Like many of Welles’ films, it’s about a powerful man who uses his money and influence to attempt to control those around him, and it is equally about stories and storytelling, with Clay himself taking the role of director. Also like Welles’ previous European films, much of the film is post-dubbed, with Welles himself providing the voices of some of the minor characters (such as Fernando Rey, who is in a brief scene plays a part of the town’s chorus of merchants who give us Mr. Clay’s history).

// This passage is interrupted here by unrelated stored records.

(* Let $m\ge1$, $\vec\mu=(\mu_1,\dots,\mu_m)\in\mathbb{R}_{>0}^m$, $\vec\sigma=(\sigma_1,\dots,\sigma_m)\in\mathbb{R}_{\ge0}^m$, $r_j=\sigma_j/\mu_j$ and $r_{\max}=\max_j r_j$. (i) Let $A$ be the mechanism that sells each item $j$ separately, posting for item $j$ an independent random price drawn from the log-lottery $P^{\log}_{\mu_j,\sigma_j}$. Then $\mathrm{OPT}(F)/\mathrm{REV}(A;F)\le\rho(r_{\max})$ for every $F\in\mathbb{F}_{\vec\mu,\vec\sigma}$; in particular $\mathrm{APX}(\vec\mu,\vec\sigma)\le\rho(r_{\max})$. (ii) Let $\bar\mu=\sum_j\mu_j$, $\bar\sigma=\sqrt{\sum_j\sigma_j^2}$, $\bar r=\bar\sigma/\bar\mu$, and let $B$ be the mechanism that offers the bundle of all $m$ items at a single random price drawn from $P^{\log}_{\bar\mu,\bar\sigma}$. Then $\mathrm{OPT}(F)/\mathrm{REV}(B;F)\le\rho(\bar r)$ for every $F\in\mathbb{F}_{\vec\mu,\vec\sigma}$ that is a product distribution (i.e. the item values are independent).
   Context: One buyer with additive valuation for $m$ items; the value vector $\vec v=(v_1,\dots,v_m)\in\mathbb{R}_{\ge0}^m$ is drawn from a joint distribution $F$. $\mathbb{F}_{\vec\mu,\vec\sigma}$ is the class of all joint distributions on $\mathbb{R}^m_{\ge0}$ whose $j$-th marginal has mean $\mu_j$ and standard deviation at most $\sigma_j$, for each $j$ (no independence assumed). A mechanism is a pair $(x,\pi)$ with $x:\mathbb{R}^m_{\ge0}\to[0,1]^m$ and $\pi:\mathbb{R}^m_{\ge0}\to\mathbb{R}_{\ge0}$; it is truthful if $x(\vec v)\cdot\vec v-\pi(\vec v)\ge x(\vec w)\cdot\vec v-\pi(\vec w)$ and $x(\vec v)\cdot\vec v-\pi(\vec v)\ge0$ for all $\vec v,\vec w$. $\mathrm{REV}(A;F)=\mathbb{E}_{\vec v\sim F}[\pi(\vec v)]$, $\mathrm{OPT}(F)=\sup$ of $\mathrm{REV}$ over truthful mechanisms, and $\mathrm{APX}(\vec\mu,\vec\sigma)=\inf_A\sup_{F\in\mathbb{F}_{\vec\mu,\vec\sigma}}\mathrm{OPT}(F)/\mathrm{REV}(A;F)$ over truthful $A$ (zero denominators give $+\infty$). A posted (random) price mechanism sells an item or bundle to the buyer iff the buyer's value for it is at least the drawn price. For $\mu>0,\sigma\ge0$, the log-lottery $P^{\log}_{\mu,\sigma}$ is the random price on $[\pi_1,\pi_2]$ with cdf $x\mapsto\frac{\pi_2\ln(x/\pi_1)-(x-\pi_1)}{\pi_2\ln(\pi_2/\pi_1)-(\pi_2-\pi_1)}$, where $\pi_1,\pi_2$ are the unique solutions of $\pi_1(1+\ln(\pi_2/\pi_1))=\mu$, $\pi_1(2\pi_2-\pi_1)=\mu^2+\sigma^2$ (for $\sigma=0$ it is the deterministic price $\mu$). For $r\ge0$, $\rho(r)$ is the unique positive solution $\rho$ of $\frac{1}{\rho^2}(2e^{\rho-1}-1)=r^2+1$. *)

theory Defs
  imports "HOL-Probability.Probability"
begin

text \<open>Items are indexed by a finite type 'm (so m = CARD('m) \<ge> 1); value vectors are real ^ 'm.\<close>

type_synonym 'm mechanism = "(real ^ 'm \<Rightarrow> real ^ 'm) \<times> (real ^ 'm \<Rightarrow> real)"

definition nonneg_vecs :: "(real ^ 'm::finite) set" where
  "nonneg_vecs = {v. \<forall>j. 0 \<le> v $ j}"

definition truthful :: "('m::finite) mechanism \<Rightarrow> bool" where
  "truthful M \<longleftrightarrow>
     (\<forall>v\<in>nonneg_vecs. (\<forall>j. 0 \<le> fst M v $ j \<and> fst M v $ j \<le> 1) \<and> 0 \<le> snd M v) \<and>
     (\<forall>v\<in>nonneg_vecs. \<forall>w\<in>nonneg_vecs.
        fst M v \<bullet> v - snd M v \<ge> fst M w \<bullet> v - snd M w) \<and>
     (\<forall>v\<in>nonneg_vecs. fst M v \<bullet> v - snd M v \<ge> 0)"

definition admissible_mech :: "('m::finite) mechanism \<Rightarrow> bool" where
  "admissible_mech M \<longleftrightarrow> truthful M \<and> snd M \<in> borel_measurable borel"

definition REV :: "('m::finite) mechanism \<Rightarrow> (real ^ 'm) measure \<Rightarrow> ennreal" where
  "REV M F = (\<integral>\<^sup>+ v. ennreal (snd M v) \<partial>F)"

definition OPT :: "(real ^ 'm::finite) measure \<Rightarrow> ennreal" where
  "OPT F = (SUP M \<in> {M. admissible_mech M}. REV M F)"

definition dist_class :: "real ^ 'm::finite \<Rightarrow> real ^ 'm \<Rightarrow> (real ^ 'm) measure set" where
  "dist_class \<mu> \<sigma> = {F. prob_space F \<and> sets F = sets borel \<and>
      (AE v in F. v \<in> nonneg_vecs) \<and>
      (\<forall>j. integrable F (\<lambda>v. v $ j) \<and> integrable F (\<lambda>v. (v $ j)\<^sup>2) \<and>
           prob_space.expectation F (\<lambda>v. v $ j) = \<mu> $ j \<and>
           sqrt (prob_space.variance F (\<lambda>v. v $ j)) \<le> \<sigma> $ j)}"

definition ratio :: "ennreal \<Rightarrow> ennreal \<Rightarrow> ennreal" where
  "ratio a b = (if b = 0 then \<infinity> else a / b)"

definition APX :: "real ^ 'm::finite \<Rightarrow> real ^ 'm \<Rightarrow> ennreal" where
  "APX \<mu> \<sigma> = (INF M \<in> {M :: 'm mechanism. admissible_mech M}.
                  SUP F \<in> dist_class \<mu> \<sigma>. ratio (OPT F) (REV M F))"
lemma variance_bound_mono:
  assumes "proper_sampling n S" and "eso n S v" and "\<And>i. i < n \<Longrightarrow> \<bar>c i\<bar> \<le> d i"
  shows "variance_bound n S v c \<le> variance_bound n S v d"
  unfolding variance_bound_def
proof (rule sum_mono)
  fix i assume "i \<in> {..<n}"
  then have "i < n" by simp
  then have "(c i)\<^sup>2 \<le> (d i)\<^sup>2"
    using power_mono[of "\<bar>c i\<bar>" "d i" 2] assms(3) by simp
  moreover have "0 \<le> v i" using eso_nonneg[OF assms(1,2) \<open>i < n\<close>] .
  ultimately show "v i * (c i)\<^sup>2 / (marg S i * (real n)\<^sup>2) \<le> v i * (d i)\<^sup>2 / (marg S i * (real n)\<^sup>2)"
    by (intro divide_right_mono mult_left_mono) (simp_all add: marg_def)
qed

lemma expectation_centered_sampling_sq_norm:
  fixes A :: "'a::real_inner" and b :: "nat \<Rightarrow> 'a"
  assumes "finite (set_pmf S)"
  shows "measure_pmf.expectation S
           (\<lambda>T. (norm (A + (\<Sum>i<n. (indicator {B. i \<in> B} T - marg S i) *\<^sub>R b i)))\<^sup>2)
         = (norm A)\<^sup>2 + (\<Sum>i<n. \<Sum>j<n. (pairp S i j - marg S i * marg S j) * (b i \<bullet> b j))"
proof -
  let ?c = "\<lambda>i T. indicator {B. i \<in> B} T - marg S i :: real"
  have "(norm (A + (\<Sum>i<n. ?c i T *\<^sub>R b i)))\<^sup>2
      = (norm A)\<^sup>2 + 2 * (\<Sum>i<n. ?c i T * (A \<bullet> b i))
        + (\<Sum>i<n. \<Sum>j<n. ?c i T * ?c j T * (b i \<bullet> b j))" for T
    unfolding power2_norm_eq_inner
    by (simp add: inner_add_left inner_add_right inner_sum_left inner_sum_right
        sum_distrib_left inner_commute algebra_simps)
  then show ?thesis
    by (simp add: integrable_measure_pmf_finite[OF assms] expectation_centered_indicator[OF assms]
        expectation_centered_indicator_product[OF assms])
qed

lemma expectation_sampled_estimator_sq_error:
  fixes a :: "nat \<Rightarrow> 'a::euclidean_space" and A :: 'a
  assumes "proper_sampling n S" and "eso n S v"
  shows "measure_pmf.expectation S
           (\<lambda>T. (norm (A + (\<Sum>i\<in>T. (1 / (real n * marg S i)) *\<^sub>R a i)
                         - (1 / real n) *\<^sub>R (\<Sum>i<n. a i)))\<^sup>2)
         \<le> (norm A)\<^sup>2 + variance_bound n S v (\<lambda>i. norm (a i))"
proof -
  define b where "b i = (1 / (real n * marg S i)) *\<^sub>R a i" for i
  have pos: "0 < marg S i" if "i < n" for i
    using assms(1) that unfolding proper_sampling_def by auto
  have centered: "A + (\<Sum>i\<in>T. b i) - (1 / real n) *\<^sub>R (\<Sum>i<n. a i)
      = A + (\<Sum>i<n. (indicator {B. i \<in> B} T - marg S i) *\<^sub>R b i)"
    if "T \<in> set_pmf S" for T
  proof -
    have "T \<subseteq> {..<n}" using assms(1) that unfolding proper_sampling_def by auto
    then have "(\<Sum>i\<in>T. b i) = (\<Sum>i<n. indicator {B. i \<in> B} T *\<^sub>R b i)"
      by (auto intro: sum.cong)
    moreover have "(1 / real n) *\<^sub>R (\<Sum>i<n. a i) = (\<Sum>i<n. marg S i *\<^sub>R b i)"
      by (auto simp: b_def scaleR_sum_right dest: pos intro!: sum.cong)
    ultimately show ?thesis by (simp add: scaleR_diff_left sum_subtractf)
  qed
  have "measure_pmf.expectation S
          (\<lambda>T. (norm (A + (\<Sum>i\<in>T. b i) - (1 / real n) *\<^sub>R (\<Sum>i<n. a i)))\<^sup>2)
      = measure_pmf.expectation S
          (\<lambda>T. (norm (A + (\<Sum>i<n. (indicator {B. i \<in> B} T - marg S i) *\<^sub>R b i)))\<^sup>2)"
    by (intro integral_cong_AE) (auto intro!: AE_pmfI simp: centered)
  also have "\<dots> = (norm A)\<^sup>2 + (\<Sum>i<n. \<Sum>j<n. (pairp S i j - marg S i * marg S j) * (b i \<bullet> b j))"
    by (rule expectation_centered_sampling_sq_norm[OF finite_set_pmf_sampling[OF assms(1)]])
  also have "\<dots> \<le> (norm A)\<^sup>2 + (\<Sum>i<n. marg S i * v i * (norm (b i))\<^sup>2)"
    using eso_euclidean[OF assms(2)] by simp
  also have "(\<Sum>i<n. marg S i * v i * (norm (b i))\<^sup>2) = variance_bound n S v (\<lambda>i. norm (a i))"
    unfolding variance_bound_def
    by (intro sum.cong) (auto simp: b_def power2_eq_square field_simps dest: pos)
  finally show ?thesis by (simp add: b_def)
qed
lemma Xn4_iff:
  "cs \<in> Xn 4 \<longleftrightarrow> (\<exists>u0 u1 u2 u3. cs = map rclass [u0, u1, u2, u3] \<and>
      in_general_position [u0, u1, u2, u3::'a::comm_ring_1 row])"
  unfolding Xn_iff[of 4, simplified] length_eq_4_conv by blast

lemma Xn5_iff:
  "cs \<in> Xn 5 \<longleftrightarrow> (\<exists>u0 u1 u2 u3 u4. cs = map rclass [u0, u1, u2, u3, u4] \<and>
      in_general_position [u0, u1, u2, u3, u4::'a::comm_ring_1 row])"
  unfolding Xn_iff[of 5, simplified] length_eq_5_conv by blast

lemma map_rclass_in_Xn4:
  "in_general_position [u0, u1, u2, u3::'a::comm_ring_1 row] \<Longrightarrow> map rclass [u0, u1, u2, u3] \<in> Xn 4"
  unfolding Xn4_iff by blast

lemma map_rclass_in_Xn5:
  "in_general_position [u0, u1, u2, u3, u4::'a::comm_ring_1 row] \<Longrightarrow> map rclass [u0, u1, u2, u3, u4] \<in> Xn 5"
  unfolding Xn5_iff by blast

section \<open>Cross ratios\<close>

text \<open>\<open>cr_arg\<close> and \<open>cls_arg\<close> evaluated on given representative rows (indices are 0-based).\<close>

definition cr_rows :: "'a::comm_ring_1 row \<Rightarrow> 'a row \<Rightarrow> 'a row \<Rightarrow> 'a row \<Rightarrow> 'a" where
  "cr_rows u0 u1 u2 u3 = d2 u0 u3 * d2 u1 u2 * uinv (d2 u1 u3 * d2 u0 u2)"

definition cls_rows :: "'a::comm_ring_1 row \<Rightarrow> 'a row \<Rightarrow> 'a row \<Rightarrow> 'a" where
  "cls_rows u0 u1 u2 = d2 u0 u2 * d2 u0 u1 * uinv (d2 u1 u2)"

In other ways it is very different. Welles was famous for his elaborate camerawork and bold images staged in both foreground and background and visual contrasts of light and dark. This film, his first shot in color, is more unadorned, with the camera mostly still, the sets austere and stripped down, and the compositions more flattened on a shallow plane. It also features the first genuinely erotic moments in Welles films when the sailor and the woman make love, a scene that features close-ups and a cinematic intimacy that contrasts with the distance that Welles takes with the other scenes. This is a rumination on art and reality and stories and it is dreamlike and ephemeral and introspective.

While it can be considered a minor work by Welles, at least in comparison to his celebrated masterpieces, it is his final completed dramatic feature (his subsequent features are both essay films) and a small jewel of a film that shows a different aspect of the filmmaker. It used to play in arthouse repertory calendars paired with Luis Bunuel’s Simon of the Desert (which also ran just under an hour) and essentially disappeared with the demise of repertory cinema.

Never before on home video in the US, the film debuts on Blu-ray and DVD in a special edition from Criterion mastered from a new 4K master from the original 35mm camera negative. The disc features the alternate French language version, which is about minutes shorter and dubbed; Jeanne Moreau’s voice is in both versions but Welles’ voice is dubbed over by another, anonymous actor. Also features commentary by film scholar Adrian Martin, the 1968 documentary Portrait: Orson Welles by François Reichenbach and Frédéric Rossif, and interviews with actor Norman Eshley, cinematographer Willy Kurant, and film scholar François Thomas, plus a fold-out insert with an essay by the perceptive Welles critic Jonathan Rosenbaum.